- **Data listing**
lemma zero_if_reaches_zero:
  fixes \<delta> :: "state \<Rightarrow> ennreal"
  assumes le: "\<And>u w. \<delta> u * P u w \<le> \<delta> w" and zero: "\<delta> s = 0" and reach: "reaches u s"
  shows "\<delta> u = 0"
  using reach
proof (induction rule: converse_rtranclp_induct)
  case base then show ?case using zero .
next
  case (step u w)
  then have "\<delta> u * P u w = 0" using le[of u w] by simp
  then show ?case using step.hyps(1) by (metis mult_eq_0_iff order_less_irrefl)
qed

lemma pos_recurrent_if_subinvariant:
  fixes \<mu> :: "state \<Rightarrow> ennreal"
  assumes inv: "\<And>t. esum (\<lambda>u. \<mu> u * P u t) \<le> \<mu> t"
    and pos: "0 < \<mu> s" and mass: "esum \<mu> < \<infinity>"
    and time: "esum (\<lambda>u. \<mu> u * ennreal (1 / q u)) < \<infinity>"
  shows "pos_recurrent lam bet eps gam r s"
proof -
  note le = visits_le_subinvariant[OF inv]
  have "\<mu> s * esum (visits s) \<le> esum \<mu>"
    unfolding esum_cmult[symmetric] by (rule esum_mono[OF le])
  then have "\<mu> s * esum (visits s) < \<infinity>" using mass by (rule le_less_trans)
  then have "esum (visits s) < \<infinity>" using pos by (auto simp: ennreal_mult_less_top)
  then have ret: "return_prob lam bet eps gam r s = 1"
    by (rule return_prob_eq_1_if_finite_visits)
  have "\<mu> s * mean_return_time lam bet eps gam r s = esum (\<lambda>u. (\<mu> s * visits s u) * ennreal (1 / q u))"
    by (simp add: mean_return_time_eq esum_cmult mult.assoc)
  also have "\<dots> \<le> esum (\<lambda>u. \<mu> u * ennreal (1 / q u))"
    by (rule esum_mono) (rule mult_right_mono[OF le], simp)
  finally have "\<mu> s * mean_return_time lam bet eps gam r s < \<infinity>"
    using time by (rule le_less_trans)
  then have "mean_return_time lam bet eps gam r s < \<infinity>"
    using pos by (auto simp: ennreal_mult_less_top)
  then show ?thesis using ret by (simp add: pos_recurrent_def)
qed

text \<open>Uniqueness of invariant measures: the excess over the visit measure is
  subinvariant and vanishes at s, hence everywhere upstream of s.\<close>
lemma invariant_eq_visits:
  fixes \<mu> :: "state \<Rightarrow> ennreal"
  assumes inv: "\<And>t. esum (\<lambda>u. \<mu> u * P u t) = \<mu> t"
    and fin: "\<And>t. \<mu> t < \<infinity>"
    and ret: "return_prob lam bet eps gam r s = 1"
    and reach: "\<And>u. reaches u s"
  shows "\<mu> t = \<mu> s * visits s t"
proof -
  have le: "\<mu> s * visits s t \<le> \<mu> t" for t by (rule visits_le_subinvariant) (simp add: inv)
  have visits_inv: "esum (\<lambda>u. visits s u * P u w) = visits s w" for w
    using esum_visits_jump[of s w] ret visits_self[of s] by simp
  define \<delta> where "\<delta> t = \<mu> t - \<mu> s * visits s t" for t
  have sub: "\<delta> u * P u w \<le> \<delta> w" for u w
  proof -
    have "esum (\<lambda>u. \<delta> u * P u w) + \<mu> s * visits s w
        = esum (\<lambda>u. \<delta> u * P u w) + esum (\<lambda>u. (\<mu> s * visits s u) * P u w)"
      by (simp add: visits_inv esum_cmult mult.assoc)
    also have "\<dots> = esum (\<lambda>u. (\<delta> u + \<mu> s * visits s u) * P u w)"
      by (simp add: esum_add distrib_right)
    also have "\<dots> = esum (\<lambda>u. \<mu> u * P u w)"
      by (simp add: \<delta>_def diff_add_cancel_ennreal[OF le])
    also have "\<dots> = \<mu> w" by (rule inv)
    finally have eq: "esum (\<lambda>u. \<delta> u * P u w) + \<mu> s * visits s w = \<mu> w" .
    have "\<mu> s * visits s w \<noteq> \<infinity>" using le[of w] fin[of w] by (auto simp: top_unique)
    then have "esum (\<lambda>u. \<delta> u * P u w) = \<delta> w"
      using eq unfolding \<delta>_def by (metis ennreal_add_diff_cancel)
    then show ?thesis using esum_ge_term[of "\<lambda>u. \<delta> u * P u w" u] by simp
  qed
  have "\<delta> s = 0" using fin[of s] by (simp add: \<delta>_def visits_self)
  then have "\<delta> t = 0" by (rule zero_if_reaches_zero[OF sub _ reach])
  then have "\<mu> t \<le> \<mu> s * visits s t" unfolding \<delta>_def by (rule ennreal_minus_eq_0)
  then show ?thesis using le[of t] by (rule antisym)
qed

end

locale model = chain_params +
  assumes lam_pos: "lam > 0" and bet_pos: "bet > 0" and eps_pos: "eps > 0"
    and gam_pos: "gam > 0" and r_pos: "r > 0"
begin

lemma rate_nonneg: "rt u t \<ge> 0"
  using lam_pos eps_pos bet_pos r_pos by (simp add: rate_def)

lemma arr_target_ne: "arr_target gam u \<noteq> u"
  by (cases u) (simp add: arr_target_def)

lemma srv_target_ne: "srv_target gam u \<noteq> u"
  by (cases u) (simp add: srv_target_def)

lemma rate_eq_0_off_targets: "t \<notin> targets gam u \<Longrightarrow> rt u t = 0"
  by (auto simp: rate_def targets_def)

lemma sum_targets_rate:
  fixes \<phi> :: "state \<Rightarrow> real"
  assumes "\<phi> u = 0"
  shows "(\<Sum>t\<in>targets gam u. rt u t * \<phi> t)
       = lam * r * \<phi> (arr_target gam u) + bet * real (snd u) * \<phi> (srv_target gam u)
         + eps * real_of_int \<bar>fst u\<bar> * \<phi> (eps_target u)"
proof -
  let ?a = "arr_target gam u" and ?b = "srv_target gam u" and ?c = "eps_target u"
  have eq: "rt u t * \<phi> t = (if t = ?a then lam * r * \<phi> t else 0)
      + (if t = ?b then bet * real (snd u) * \<phi> t else 0)
      + (if t = ?c then eps * real_of_int \<bar>fst u\<bar> * \<phi> t else 0)" for t
    using assms by (cases "t = u") (auto simp: rate_def algebra_simps)
  show ?thesis
    unfolding eq sum.distrib by (simp add: sum.delta' targets_def)
qed

lemma qout_eq:
  "q u = lam * r + bet * real (snd u) + (if eps_target u = u then 0 else eps * real_of_int \<bar>fst u\<bar>)"
proof -
  have "q u = (\<Sum>t\<in>targets gam u. rt u t * (if t = u then 0 else 1))"
    unfolding qout_def by (rule sum.cong) (auto simp: rate_def)
  also have "\<dots> = lam * r + bet * real (snd u) + (if eps_target u = u then 0 else eps * real_of_int \<bar>fst u\<bar>)"
    by (subst sum_targets_rate) (auto simp: arr_target_ne srv_target_ne)
  finally show ?thesis .
qed

lemma qout_ge: "q u \<ge> lam * r"
  using eps_pos bet_pos by (simp add: qout_eq)

lemma qout_le: "q u \<le> lam * r + bet * real (snd u) + eps * real_of_int \<bar>fst u\<bar>"
  using eps_pos by (simp add: qout_eq)

lemma lam_r_pos: "lam * r > 0"
  using lam_pos r_pos by simp

lemma qout_pos: "q u > 0"
  using qout_ge[of u] lam_r_pos by linarith

lemma esum_jump_row: "esum (P u) = 1"
proof -
  have "esum (P u) = (\<Sum>t\<in>targets gam u. P u t)"
    by (rule esum_finite_support) (auto simp: jump_def rate_eq_0_off_targets targets_def)
  also have "\<dots> = ennreal ((\<Sum>t\<in>targets gam u. rt u t) / q u)"
    unfolding jump_def sum_divide_distrib using qout_pos[of u] rate_nonneg
    by (subst sum_ennreal) auto
  also have "\<dots> = 1" using qout_pos[of u] by (simp add: qout_def)
  finally show ?thesis .
qed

- **Work item**
Look above for the line containing "case base then show ?case using zero ." and the line containing "mass by (rule le_less_trans)". Transcribe both, with the lines between them, exactly.

- **Solution to this task**
  case base then show ?case using zero .
next
  case (step u w)
  then have "\<delta> u * P u w = 0" using le[of u w] by simp
  then show ?case using step.hyps(1) by (metis mult_eq_0_iff order_less_irrefl)
qed

lemma pos_recurrent_if_subinvariant:
  fixes \<mu> :: "state \<Rightarrow> ennreal"
  assumes inv: "\<And>t. esum (\<lambda>u. \<mu> u * P u t) \<le> \<mu> t"
    and pos: "0 < \<mu> s" and mass: "esum \<mu> < \<infinity>"
    and time: "esum (\<lambda>u. \<mu> u * ennreal (1 / q u)) < \<infinity>"
  shows "pos_recurrent lam bet eps gam r s"
proof -
  note le = visits_le_subinvariant[OF inv]
  have "\<mu> s * esum (visits s) \<le> esum \<mu>"
    unfolding esum_cmult[symmetric] by (rule esum_mono[OF le])
  then have "\<mu> s * esum (visits s) < \<infinity>" using mass by (rule le_less_trans)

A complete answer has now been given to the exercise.